[Stored items]
Start of Block
lemma normalized_bessel_first_zero_exists: "\<exists>j. is_first_pos_zero (normalized_bessel (k+1)) j"
proof -
  define S where "S = {0..real (2*k+3) * pi / 2} \<inter> {z. normalized_bessel (k+1) z = 0}"
  have "closed {z. normalized_bessel (k+1) z = 0}"
    by (rule closed_Collect_eq) (auto intro: continuous_on_normalized_bessel)
  then have "compact S" unfolding S_def by (intro compact_Int_closed compact_Icc)
  moreover obtain z where "0 < z" "z \<le> real (2*k+3) * pi / 2" "normalized_bessel (k+1) z = 0"
    using normalized_bessel_has_zero by blast
  then have "z \<in> S" by (simp add: S_def)
  then have "S \<noteq> {}" by blast
  ultimately obtain j where j: "j \<in> S" "\<forall>y\<in>S. j \<le> y"
    using continuous_attains_inf[of S "\<lambda>x. x"] by (auto intro: continuous_on_id)
  then have "0 < j" unfolding S_def by (cases "j = 0") auto
  moreover have "normalized_bessel (k+1) y \<noteq> 0" if "0 < y" "y < j" for y
  proof
    assume "normalized_bessel (k+1) y = 0"
    then have "y \<in> S" using that j(1) unfolding S_def by auto
    then show False using j(2) that by force
  qed
  ultimately have "is_first_pos_zero (normalized_bessel (k+1)) j"
    using j(1) unfolding is_first_pos_zero_def S_def by blast
  then show ?thesis ..
qed

lemma normalized_bessel_sign_change:
  assumes j: "is_first_pos_zero (normalized_bessel (k+1)) j" and "0 < \<delta>"
  shows "\<exists>z. j < z \<and> z < j + \<delta> \<and> normalized_bessel (k+1) z < 0"
proof (rule ccontr)
  assume "\<not> ?thesis"
  then have right: "normalized_bessel (k+1) z \<ge> 0" if "j < z" "z < j + \<delta>" for z
    using that by force
  have j_pos: "0 < j" and j_zero: "normalized_bessel (k+1) j = 0"
    and before: "\<forall>y. 0 < y \<and> y < j \<longrightarrow> normalized_bessel (k+1) y \<noteq> 0"
    using j by (auto simp: is_first_pos_zero_def)
  have "normalized_bessel (k+1) j \<le> normalized_bessel (k+1) y" if "\<bar>j - y\<bar> < min \<delta> j" for y
  proof (cases "y < j")
    case True
    then have "normalized_bessel (k+1) y > 0"
      using that normalized_bessel_pos_before_zero[of y "k+1" y] before by auto
    then show ?thesis using j_zero by simp
  next
    case False
    then show ?thesis using that right[of y] j_zero by (cases "y = j") auto
  qed
  \<comment> \<open>so \<open>j\<close> is a local minimum and the derivative vanishes there\<close>
  then have "- bessel_series (Suc (k+1)) (j^2) / (2 * (2 * real (k+1) + 1)) * (2 * j) = 0"
    using DERIV_local_min[OF has_real_derivative_normalized_bessel, of "min \<delta> j"] j_pos \<open>0 < \<delta>\<close>
    by auto
  then have "bessel_series (Suc (k+1)) (j^2) = 0" using j_pos by (simp add: add_pos_pos)
  moreover have "bessel_series (k+1) (j^2) = 0" using j_zero by (simp add: normalized_bessel_def)
  ultimately show False using bessel_series_no_common_zero[of "j^2" "k+1"] j_pos by simp
qed

lemma rescaled_omega_tendsto:
  assumes j: "is_first_pos_zero (normalized_bessel (k+1)) j"
  shows "(\<lambda>n. rescaled_omega n k) \<longlonglongrightarrow> j"
proof (rule order_tendstoI)
  fix a assume "a < j"
  show "eventually (\<lambda>n. a < rescaled_omega n k) sequentially"
  proof (cases "a < 0")
    case True
    show ?thesis using eventually_ge_at_top[of "k+2"]
      by eventually_elim (use rescaled_omega_bounds(1) True in force)
  next
    case False
    have "\<forall>x. 0 < x \<and> x \<le> a \<longrightarrow> normalized_bessel (k+1) x \<noteq> 0"
      using j \<open>a < j\<close> by (auto simp: is_first_pos_zero_def)
    with False have "eventually (\<lambda>n. (\<forall>z\<in>{0..a}. cheb_deriv_rescaled n (k+1) z > 0) \<and> k + 2 \<le> n)
        sequentially"
      by (intro eventually_conj eventually_cheb_deriv_rescaled_pos eventually_ge_at_top) auto
    then show ?thesis by eventually_elim (auto intro: rescaled_omega_gt_if_pos)
  qed
next
  fix a assume "j < a"
  then obtain z where z: "j < z" "z < a" "normalized_bessel (k+1) z < 0"
    using normalized_bessel_sign_change[OF j, of "a - j"] by auto
  have "0 \<le> z" using z j by (auto simp: is_first_pos_zero_def)
  have "eventually (\<lambda>n. (\<forall>y\<in>{0..z}. \<bar>cheb_deriv_rescaled n (k+1) y - normalized_bessel (k+1) y\<bar>
      < - normalized_bessel (k+1) z) \<and> k + 2 \<le> n \<and> nat \<lceil>z\<rceil> \<le> n) sequentially"
    using z(3) by (intro eventually_conj cheb_deriv_rescaled_uniform_limit \<open>0 \<le> z\<close> eventually_ge_at_top) auto
  then show "eventually (\<lambda>n. rescaled_omega n k < a) sequentially"
  proof eventually_elim
    case (elim n)
    then have "cheb_deriv_rescaled n (k+1) z < 0" "z \<le> real n" using \<open>0 \<le> z\<close> by force+
    then show ?case
      using rescaled_omega_le_if_neg[of k n z] elim \<open>0 \<le> z\<close> z(2) by simp
  qed
qed

lemma tau_tendsto_normalized_bessel:
  assumes j: "is_first_pos_zero (normalized_bessel (k+1)) j"
  shows "(\<lambda>n. tau n k) \<longlonglongrightarrow> \<bar>normalized_bessel k j\<bar>"
proof -
  let ?z = "\<lambda>n. rescaled_omega n k"
  define B where "B = real (2*k+3) * pi / 2"
  have "(\<lambda>n. cheb_deriv_rescaled n k (?z n) - normalized_bessel k (?z n)) \<longlonglongrightarrow> 0"
  proof (rule tendstoI)
    fix \<epsilon> :: real assume "0 < \<epsilon>"
    have "eventually (\<lambda>n. (\<forall>z\<in>{0..B}. \<bar>cheb_deriv_rescaled n k z - normalized_bessel k z\<bar> < \<epsilon>)
        \<and> k + 2 \<le> n) sequentially"
      using \<open>0 < \<epsilon>\<close> by (intro eventually_conj cheb_deriv_rescaled_uniform_limit eventually_ge_at_top)
         (auto simp: B_def)
    then show "eventually (\<lambda>n. dist (cheb_deriv_rescaled n k (?z n) - normalized_bessel k (?z n)) 0 < \<epsilon>)
        sequentially"
      by eventually_elim (use rescaled_omega_bounds in \<open>auto simp: dist_real_def B_def\<close>)
  qed
  moreover have "(\<lambda>n. normalized_bessel k (?z n)) \<longlonglongrightarrow> normalized_bessel k j"
    by (rule isCont_tendsto_compose[OF isCont_normalized_bessel rescaled_omega_tendsto[OF j]])
  ultimately have "(\<lambda>n. (cheb_deriv_rescaled n k (?z n) - normalized_bessel k (?z n))
      + normalized_bessel k (?z n)) \<longlonglongrightarrow> 0 + normalized_bessel k j"
    by (rule tendsto_add)
  then have "(\<lambda>n. \<bar>cheb_deriv_rescaled n k (?z n)\<bar>) \<longlonglongrightarrow> \<bar>normalized_bessel k j\<bar>"
    by (intro tendsto_rabs) simp
  moreover have "eventually (\<lambda>n. \<bar>cheb_deriv_rescaled n k (?z n)\<bar> = tau n k) sequentially"
    using eventually_ge_at_top[of "k+2"] by eventually_elim (simp add: tau_eq_cheb_deriv_rescaled)
  ultimately show ?thesis by (rule Lim_transform_eventually)
qed

lemma besselJ_eq_0_iff:
  assumes "0 < z"
  shows "besselJ (real k - 1/2) z = 0 \<longleftrightarrow> normalized_bessel k z = 0"
proof -
  have "Gamma (real k + 1/2) > 0" by (intro Gamma_real_pos) simp
  then have "Gamma (real k + 1/2) \<noteq> 0" by linarith
  then show ?thesis using assms by (simp add: besselJ_eq_normalized_bessel)
qed

lemma Gamma_mult_besselJ_eq_normalized_bessel:
  assumes "0 < z"
  shows "Gamma (real k - 1/2 + 1) * (z/2) powr (- (real k - 1/2)) * \<bar>besselJ (real k - 1/2) z\<bar>
    = \<bar>normalized_bessel k z\<bar>"
proof -
  define P where "P = (z/2) powr (real k - 1/2)"
  define G where "G = Gamma (real k + 1/2)"
  have "G > 0" unfolding G_def by (intro Gamma_real_pos) simp
  moreover have "P > 0" unfolding P_def using assms by simp
  moreover have "(z/2) powr (- (real k - 1/2)) * P = 1"
    unfolding P_def using assms by (simp add: powr_add[symmetric])
  moreover have "Gamma (real k - 1/2 + 1) = G" unfolding G_def by (simp add: algebra_simps)
  ultimately show ?thesis
    unfolding besselJ_eq_normalized_bessel[OF assms] P_def[symmetric] G_def[symmetric]
    by (simp add: abs_mult field_simps)
qed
End of Block
▶ TASK GOAL: Copy out the lines above exactly, beginning at the one that contains "z\<close> by force+" and ending at the one that contains "by (rule tendsto_add)".

▶ ANSWER SPACE:
    then have "cheb_deriv_rescaled n (k+1) z < 0" "z \<le> real n" using \<open>0 \<le> z\<close> by force+
    then show ?case
      using rescaled_omega_le_if_neg[of k n z] elim \<open>0 \<le> z\<close> z(2) by simp
  qed
qed

lemma tau_tendsto_normalized_bessel:
  assumes j: "is_first_pos_zero (normalized_bessel (k+1)) j"
  shows "(\<lambda>n. tau n k) \<longlonglongrightarrow> \<bar>normalized_bessel k j\<bar>"
proof -
  let ?z = "\<lambda>n. rescaled_omega n k"
  define B where "B = real (2*k+3) * pi / 2"
  have "(\<lambda>n. cheb_deriv_rescaled n k (?z n) - normalized_bessel k (?z n)) \<longlonglongrightarrow> 0"
  proof (rule tendstoI)
    fix \<epsilon> :: real assume "0 < \<epsilon>"
    have "eventually (\<lambda>n. (\<forall>z\<in>{0..B}. \<bar>cheb_deriv_rescaled n k z - normalized_bessel k z\<bar> < \<epsilon>)
        \<and> k + 2 \<le> n) sequentially"
      using \<open>0 < \<epsilon>\<close> by (intro eventually_conj cheb_deriv_rescaled_uniform_limit eventually_ge_at_top)
         (auto simp: B_def)
    then show "eventually (\<lambda>n. dist (cheb_deriv_rescaled n k (?z n) - normalized_bessel k (?z n)) 0 < \<epsilon>)
        sequentially"
      by eventually_elim (use rescaled_omega_bounds in \<open>auto simp: dist_real_def B_def\<close>)
  qed
  moreover have "(\<lambda>n. normalized_bessel k (?z n)) \<longlonglongrightarrow> normalized_bessel k j"
    by (rule isCont_tendsto_compose[OF isCont_normalized_bessel rescaled_omega_tendsto[OF j]])
  ultimately have "(\<lambda>n. (cheb_deriv_rescaled n k (?z n) - normalized_bessel k (?z n))
      + normalized_bessel k (?z n)) \<longlonglongrightarrow> 0 + normalized_bessel k j"
    by (rule tendsto_add)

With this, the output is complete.